[Collected data entries]
————

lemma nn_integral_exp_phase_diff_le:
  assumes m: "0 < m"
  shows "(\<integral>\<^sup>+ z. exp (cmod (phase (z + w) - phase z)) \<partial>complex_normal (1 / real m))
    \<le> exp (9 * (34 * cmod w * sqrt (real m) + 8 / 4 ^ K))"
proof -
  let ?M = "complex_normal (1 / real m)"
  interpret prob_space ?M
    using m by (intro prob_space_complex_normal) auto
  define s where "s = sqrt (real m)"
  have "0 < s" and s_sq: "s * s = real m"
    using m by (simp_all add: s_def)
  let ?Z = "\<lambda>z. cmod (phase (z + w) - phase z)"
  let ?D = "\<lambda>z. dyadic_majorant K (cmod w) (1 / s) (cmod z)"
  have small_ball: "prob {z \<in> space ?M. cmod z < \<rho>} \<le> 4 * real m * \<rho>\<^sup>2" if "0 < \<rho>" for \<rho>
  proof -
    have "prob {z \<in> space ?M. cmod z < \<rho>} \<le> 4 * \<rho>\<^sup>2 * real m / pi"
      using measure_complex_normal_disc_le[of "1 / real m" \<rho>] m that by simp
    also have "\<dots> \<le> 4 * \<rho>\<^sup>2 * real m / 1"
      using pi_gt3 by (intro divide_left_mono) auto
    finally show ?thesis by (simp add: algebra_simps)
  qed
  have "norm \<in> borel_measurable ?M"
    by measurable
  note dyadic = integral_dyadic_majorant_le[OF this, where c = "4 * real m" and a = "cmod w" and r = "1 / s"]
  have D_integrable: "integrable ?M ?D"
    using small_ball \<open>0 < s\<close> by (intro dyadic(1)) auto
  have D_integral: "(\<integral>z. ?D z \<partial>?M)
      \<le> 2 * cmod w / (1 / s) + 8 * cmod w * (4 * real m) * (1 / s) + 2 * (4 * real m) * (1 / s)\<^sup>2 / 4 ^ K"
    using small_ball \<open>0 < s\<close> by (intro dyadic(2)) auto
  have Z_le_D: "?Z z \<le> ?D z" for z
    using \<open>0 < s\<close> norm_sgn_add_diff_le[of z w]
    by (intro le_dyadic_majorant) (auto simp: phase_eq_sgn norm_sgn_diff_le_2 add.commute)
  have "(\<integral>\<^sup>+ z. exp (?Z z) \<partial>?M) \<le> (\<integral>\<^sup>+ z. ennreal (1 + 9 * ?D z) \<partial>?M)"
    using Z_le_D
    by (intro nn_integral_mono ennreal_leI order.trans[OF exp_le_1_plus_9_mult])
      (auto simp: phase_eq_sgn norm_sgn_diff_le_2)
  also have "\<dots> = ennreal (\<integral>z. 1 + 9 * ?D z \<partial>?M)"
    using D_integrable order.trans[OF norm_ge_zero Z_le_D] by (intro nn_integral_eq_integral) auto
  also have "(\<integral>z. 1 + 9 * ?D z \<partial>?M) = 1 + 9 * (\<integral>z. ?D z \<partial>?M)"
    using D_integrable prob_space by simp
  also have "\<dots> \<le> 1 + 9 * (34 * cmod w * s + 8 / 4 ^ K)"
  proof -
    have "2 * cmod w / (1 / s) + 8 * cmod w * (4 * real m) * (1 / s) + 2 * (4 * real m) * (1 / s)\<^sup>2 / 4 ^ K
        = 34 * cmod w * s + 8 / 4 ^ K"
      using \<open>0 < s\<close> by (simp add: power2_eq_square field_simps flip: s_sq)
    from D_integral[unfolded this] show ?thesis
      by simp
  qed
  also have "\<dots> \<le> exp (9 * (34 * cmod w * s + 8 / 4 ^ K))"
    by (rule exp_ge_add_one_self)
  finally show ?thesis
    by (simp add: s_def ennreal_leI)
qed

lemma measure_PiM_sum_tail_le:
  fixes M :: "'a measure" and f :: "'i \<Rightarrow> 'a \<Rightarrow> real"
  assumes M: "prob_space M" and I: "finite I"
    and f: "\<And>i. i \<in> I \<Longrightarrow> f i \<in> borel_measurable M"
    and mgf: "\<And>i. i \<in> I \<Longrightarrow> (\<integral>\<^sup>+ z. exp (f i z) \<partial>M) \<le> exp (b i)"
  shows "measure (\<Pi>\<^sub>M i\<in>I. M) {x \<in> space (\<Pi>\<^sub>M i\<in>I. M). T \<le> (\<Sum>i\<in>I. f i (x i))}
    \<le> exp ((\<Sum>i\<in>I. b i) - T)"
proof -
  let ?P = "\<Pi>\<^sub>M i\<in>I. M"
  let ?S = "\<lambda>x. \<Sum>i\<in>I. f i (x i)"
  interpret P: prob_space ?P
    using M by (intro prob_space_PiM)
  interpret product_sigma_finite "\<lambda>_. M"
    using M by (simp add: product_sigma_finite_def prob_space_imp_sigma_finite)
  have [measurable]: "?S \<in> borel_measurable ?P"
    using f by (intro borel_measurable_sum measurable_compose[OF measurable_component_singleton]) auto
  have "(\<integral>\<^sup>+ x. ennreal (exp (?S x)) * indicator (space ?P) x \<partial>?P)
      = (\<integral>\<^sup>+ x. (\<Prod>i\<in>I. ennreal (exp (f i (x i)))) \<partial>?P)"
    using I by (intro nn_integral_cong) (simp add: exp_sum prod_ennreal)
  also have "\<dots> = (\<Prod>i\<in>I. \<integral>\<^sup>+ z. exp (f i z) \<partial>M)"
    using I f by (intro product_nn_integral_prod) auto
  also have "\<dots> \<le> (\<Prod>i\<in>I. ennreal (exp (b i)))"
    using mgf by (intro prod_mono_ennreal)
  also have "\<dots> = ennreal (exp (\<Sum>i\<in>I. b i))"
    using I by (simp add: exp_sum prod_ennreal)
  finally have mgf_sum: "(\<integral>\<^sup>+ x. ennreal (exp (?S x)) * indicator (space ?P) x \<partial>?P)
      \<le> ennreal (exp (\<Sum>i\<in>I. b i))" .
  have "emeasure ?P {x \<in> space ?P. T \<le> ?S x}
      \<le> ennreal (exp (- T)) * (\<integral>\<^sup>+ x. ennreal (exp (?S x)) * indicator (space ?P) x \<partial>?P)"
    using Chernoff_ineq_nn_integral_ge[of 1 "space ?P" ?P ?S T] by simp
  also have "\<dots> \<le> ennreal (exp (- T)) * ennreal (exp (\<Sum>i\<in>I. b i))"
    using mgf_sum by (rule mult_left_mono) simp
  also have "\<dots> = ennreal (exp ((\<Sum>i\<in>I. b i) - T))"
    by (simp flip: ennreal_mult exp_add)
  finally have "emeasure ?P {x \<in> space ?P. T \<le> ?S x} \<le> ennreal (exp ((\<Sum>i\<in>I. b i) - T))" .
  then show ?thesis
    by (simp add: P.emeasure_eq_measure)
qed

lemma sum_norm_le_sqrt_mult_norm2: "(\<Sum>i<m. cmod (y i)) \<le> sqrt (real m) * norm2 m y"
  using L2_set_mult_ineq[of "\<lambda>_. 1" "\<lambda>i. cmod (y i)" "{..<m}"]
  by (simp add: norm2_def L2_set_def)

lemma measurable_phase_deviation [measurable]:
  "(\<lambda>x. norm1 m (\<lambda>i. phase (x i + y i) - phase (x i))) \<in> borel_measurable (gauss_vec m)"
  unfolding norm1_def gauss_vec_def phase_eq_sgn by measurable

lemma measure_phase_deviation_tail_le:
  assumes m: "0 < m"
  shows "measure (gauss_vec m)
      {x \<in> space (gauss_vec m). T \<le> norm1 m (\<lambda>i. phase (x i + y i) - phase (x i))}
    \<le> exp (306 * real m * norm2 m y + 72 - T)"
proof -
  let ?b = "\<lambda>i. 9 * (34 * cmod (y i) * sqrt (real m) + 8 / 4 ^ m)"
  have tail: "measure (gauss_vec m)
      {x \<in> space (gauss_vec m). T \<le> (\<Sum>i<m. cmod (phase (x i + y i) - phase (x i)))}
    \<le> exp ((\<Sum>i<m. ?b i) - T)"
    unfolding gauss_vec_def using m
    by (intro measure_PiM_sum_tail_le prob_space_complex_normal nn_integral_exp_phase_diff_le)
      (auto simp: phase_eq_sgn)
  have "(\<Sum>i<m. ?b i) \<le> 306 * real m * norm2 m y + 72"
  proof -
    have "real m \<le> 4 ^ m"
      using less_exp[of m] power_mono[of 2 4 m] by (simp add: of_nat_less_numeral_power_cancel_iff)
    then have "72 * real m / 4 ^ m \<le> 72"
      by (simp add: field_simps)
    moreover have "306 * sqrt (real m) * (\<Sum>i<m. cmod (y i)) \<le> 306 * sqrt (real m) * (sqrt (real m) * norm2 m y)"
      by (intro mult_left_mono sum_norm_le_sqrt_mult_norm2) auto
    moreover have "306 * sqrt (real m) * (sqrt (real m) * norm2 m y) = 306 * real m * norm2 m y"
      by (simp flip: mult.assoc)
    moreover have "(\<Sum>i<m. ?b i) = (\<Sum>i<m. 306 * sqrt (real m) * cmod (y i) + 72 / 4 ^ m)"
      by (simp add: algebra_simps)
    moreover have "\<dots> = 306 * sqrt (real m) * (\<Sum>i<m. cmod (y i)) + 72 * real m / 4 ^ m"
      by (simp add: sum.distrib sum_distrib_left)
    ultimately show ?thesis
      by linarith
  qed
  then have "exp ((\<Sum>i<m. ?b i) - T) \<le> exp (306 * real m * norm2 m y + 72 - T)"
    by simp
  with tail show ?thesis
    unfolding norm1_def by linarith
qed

————

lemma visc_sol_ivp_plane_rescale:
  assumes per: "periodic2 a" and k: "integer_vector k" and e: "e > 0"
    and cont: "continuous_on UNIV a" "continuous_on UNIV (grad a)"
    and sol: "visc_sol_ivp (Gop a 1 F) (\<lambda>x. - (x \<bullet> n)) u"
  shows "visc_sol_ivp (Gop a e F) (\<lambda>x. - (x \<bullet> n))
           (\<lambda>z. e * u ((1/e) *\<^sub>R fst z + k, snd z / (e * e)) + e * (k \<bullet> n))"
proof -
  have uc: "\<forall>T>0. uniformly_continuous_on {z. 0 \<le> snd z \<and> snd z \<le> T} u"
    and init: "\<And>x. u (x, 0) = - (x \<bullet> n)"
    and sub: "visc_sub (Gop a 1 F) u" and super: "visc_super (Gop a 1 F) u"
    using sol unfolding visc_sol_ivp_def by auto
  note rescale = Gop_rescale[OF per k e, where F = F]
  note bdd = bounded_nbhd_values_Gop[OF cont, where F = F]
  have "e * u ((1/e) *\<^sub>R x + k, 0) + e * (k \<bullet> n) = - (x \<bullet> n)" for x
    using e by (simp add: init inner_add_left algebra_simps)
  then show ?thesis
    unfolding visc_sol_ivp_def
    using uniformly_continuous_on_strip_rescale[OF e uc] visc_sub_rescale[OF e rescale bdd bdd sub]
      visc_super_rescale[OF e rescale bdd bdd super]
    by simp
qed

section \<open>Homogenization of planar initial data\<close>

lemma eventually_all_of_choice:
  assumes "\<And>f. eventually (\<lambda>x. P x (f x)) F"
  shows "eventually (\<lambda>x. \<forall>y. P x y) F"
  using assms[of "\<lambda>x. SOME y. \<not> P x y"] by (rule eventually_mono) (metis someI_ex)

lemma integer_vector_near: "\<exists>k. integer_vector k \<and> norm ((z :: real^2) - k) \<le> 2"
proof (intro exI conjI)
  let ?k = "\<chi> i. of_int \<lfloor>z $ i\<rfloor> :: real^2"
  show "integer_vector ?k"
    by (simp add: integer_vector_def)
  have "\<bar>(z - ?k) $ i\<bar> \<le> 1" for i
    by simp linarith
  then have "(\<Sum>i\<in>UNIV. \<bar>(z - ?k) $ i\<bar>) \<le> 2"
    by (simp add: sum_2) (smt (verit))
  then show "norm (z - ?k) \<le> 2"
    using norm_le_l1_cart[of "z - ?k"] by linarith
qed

————

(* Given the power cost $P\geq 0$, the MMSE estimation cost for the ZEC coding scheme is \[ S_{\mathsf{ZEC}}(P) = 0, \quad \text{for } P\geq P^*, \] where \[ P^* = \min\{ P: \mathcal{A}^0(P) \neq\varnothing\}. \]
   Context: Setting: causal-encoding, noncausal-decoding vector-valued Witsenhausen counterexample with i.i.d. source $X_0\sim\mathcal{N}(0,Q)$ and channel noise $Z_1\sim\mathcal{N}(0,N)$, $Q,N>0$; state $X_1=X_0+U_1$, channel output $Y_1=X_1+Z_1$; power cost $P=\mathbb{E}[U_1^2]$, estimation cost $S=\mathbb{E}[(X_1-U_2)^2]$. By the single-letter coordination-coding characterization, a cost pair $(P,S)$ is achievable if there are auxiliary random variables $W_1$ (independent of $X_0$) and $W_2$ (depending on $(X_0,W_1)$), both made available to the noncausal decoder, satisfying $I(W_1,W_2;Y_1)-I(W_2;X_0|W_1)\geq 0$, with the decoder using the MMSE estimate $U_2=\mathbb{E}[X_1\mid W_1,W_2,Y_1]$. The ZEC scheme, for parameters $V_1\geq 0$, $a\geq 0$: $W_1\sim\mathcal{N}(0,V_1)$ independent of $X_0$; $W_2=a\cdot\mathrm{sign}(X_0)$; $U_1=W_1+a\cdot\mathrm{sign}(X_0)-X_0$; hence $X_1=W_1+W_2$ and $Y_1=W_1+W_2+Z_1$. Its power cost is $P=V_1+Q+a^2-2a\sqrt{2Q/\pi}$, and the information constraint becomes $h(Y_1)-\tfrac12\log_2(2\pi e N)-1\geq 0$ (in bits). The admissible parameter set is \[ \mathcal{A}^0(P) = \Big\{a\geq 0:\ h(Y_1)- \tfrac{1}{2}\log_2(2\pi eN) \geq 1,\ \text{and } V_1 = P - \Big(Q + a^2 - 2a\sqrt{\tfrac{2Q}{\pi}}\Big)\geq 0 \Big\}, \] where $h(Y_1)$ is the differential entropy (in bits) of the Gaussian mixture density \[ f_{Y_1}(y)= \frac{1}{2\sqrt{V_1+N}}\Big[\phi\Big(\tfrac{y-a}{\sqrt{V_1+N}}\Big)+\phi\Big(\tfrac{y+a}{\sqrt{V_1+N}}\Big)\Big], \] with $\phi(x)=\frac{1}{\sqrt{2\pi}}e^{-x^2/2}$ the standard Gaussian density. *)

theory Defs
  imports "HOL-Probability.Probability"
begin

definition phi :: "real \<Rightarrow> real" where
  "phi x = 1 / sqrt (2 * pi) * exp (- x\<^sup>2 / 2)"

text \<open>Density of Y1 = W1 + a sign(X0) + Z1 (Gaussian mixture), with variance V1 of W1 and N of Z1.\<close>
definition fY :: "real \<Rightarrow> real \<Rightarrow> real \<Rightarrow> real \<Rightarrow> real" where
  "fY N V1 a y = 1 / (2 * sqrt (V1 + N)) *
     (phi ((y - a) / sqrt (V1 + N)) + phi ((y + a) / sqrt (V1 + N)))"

————

What you have to do: Beginning at the line above with "using D_integrable prob_space by simp" and finishing at the line with "I \<Longrightarrow> f", return each line exactly and return nothing else.

Answer section:
    using D_integrable prob_space by simp
  also have "\<dots> \<le> 1 + 9 * (34 * cmod w * s + 8 / 4 ^ K)"
  proof -
    have "2 * cmod w / (1 / s) + 8 * cmod w * (4 * real m) * (1 / s) + 2 * (4 * real m) * (1 / s)\<^sup>2 / 4 ^ K
        = 34 * cmod w * s + 8 / 4 ^ K"
      using \<open>0 < s\<close> by (simp add: power2_eq_square field_simps flip: s_sq)
    from D_integral[unfolded this] show ?thesis
      by simp
  qed
  also have "\<dots> \<le> exp (9 * (34 * cmod w * s + 8 / 4 ^ K))"
    by (rule exp_ge_add_one_self)
  finally show ?thesis
    by (simp add: s_def ennreal_leI)
qed

lemma measure_PiM_sum_tail_le:
  fixes M :: "'a measure" and f :: "'i \<Rightarrow> 'a \<Rightarrow> real"
  assumes M: "prob_space M" and I: "finite I"
    and f: "\<And>i. i \<in> I \<Longrightarrow> f i \<in> borel_measurable M"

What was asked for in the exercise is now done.